American artist (1936–2007)

Richard Cletus Pionk (April 26, 1936 – June 5, 2007) was an American artist who worked in the media of pastels and oil painting and who lived, worked and taught in New York City. Pionk studied classical still-life painting by spending hours in museums. He studied still-life painting in the Brooklyn Museum and other New York museums as well as the École du Louvre in Paris. Pionk studied the works of Jean-Baptiste-Siméon Chardin, Antoine Vollon, and Henri Fantin-Latour in particular. He was educated in New York at The Art Students League of New York on scholarships and the G.I. Bill.

==Biography==
Born in Moose Lake, Minnesota, Pionk studied with Daniel Green and Sidney Dickinson at the Art Students League of New York.

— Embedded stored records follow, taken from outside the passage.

lemma on_A_color: "j < t \<Longrightarrow> c (Inr (j, on_A j)) = c (Inr (j, off_A j))"
proof -
  assume j: "j < t"
  obtain n where n: "n < s + t" "c (Inr (j, on_A j)) = real n"
    using color_mem_join_lists[of "Inr (j, on_A j)"] j Inr_on_A_in_A on_A_less_2
    by (auto simp: join_lists_Inr)
  have "n < t"
  proof (rule ccontr)
    assume "\<not> n < t"
    hence "c (Inl (n - t)) = c (Inr (j, on_A j))" "n - t < s" using n Inl_color[of "n - t"] by auto
    moreover have "(Inl (n - t), Inr (j, on_A j)) \<in> join_arcs s t \<longleftrightarrow> n - t < s"
      using j on_A_less_2 by (simp add: mem_join_arcs_iff)
    ultimately show False using colors_differ by blast
  qed
  hence "real n \<in> (\<lambda>j. c (Inr (j, off_A j))) ` {..<t}"
    using bij_betw_imp_surj_on[OF bij_betw_off_A_colors] by auto
  then obtain j' where j': "j' < t" "c (Inr (j, on_A j)) = c (Inr (j', off_A j'))" using n(2) by auto
  have "j' = j"
  proof (rule ccontr)
    assume "j' \<noteq> j"
    hence "(Inr (j, on_A j), Inr (j', off_A j')) \<in> join_arcs s t \<or> (Inr (j', off_A j'), Inr (j, on_A j)) \<in> join_arcs s t"
      using j j' by (auto simp: mem_join_arcs_iff off_A_less_2 on_A_less_2)
    thus False using j'(2) colors_differ by metis
  qed
  thus ?thesis using j' by simp
qed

In 1984, he was named Master Pastelist by The Pastel Society of America and in 1997 was inducted into the Pastel Hall of Fame. He taught at the Art Students League and was President of the Salmagundi Club. Pionk garnered many awards for his work. He was best known for his still life, portraits and interior scenes in oil and pastel."

==Sample of work==
Richard C. Pionk, "Grapes and Pears", Oil on Canvas

==Memberships==
Richard C. Pionk held memberships with the following organizations:
- Salmagundi Club
- Art Students League
- Pastel Society of America - Trustee
- Allied Artists of America - Board of Directors
- Hudson Valley Art Association
- Knickerbocker Art Association
- Artist Fellowship – Trustee
- National Arts Club
- Audubon Artists – Trustee
- American Artists Professional League
- Dutch Treat Club

==Awards==
- The Pastel Hall of Fame - 1997
- Master Pastelist by the Pastel Society of America - 1984

==Pastel==

Pastel is an art medium in the form of a stick, consisting of pure powdered pigment and a binder. The pigments used in pastels are the same as those used to produce all colored art media, including oil paints; the binder is of a neutral hue and low saturation. The color effect of pastels is closer to the natural dry pigments than that of any other process.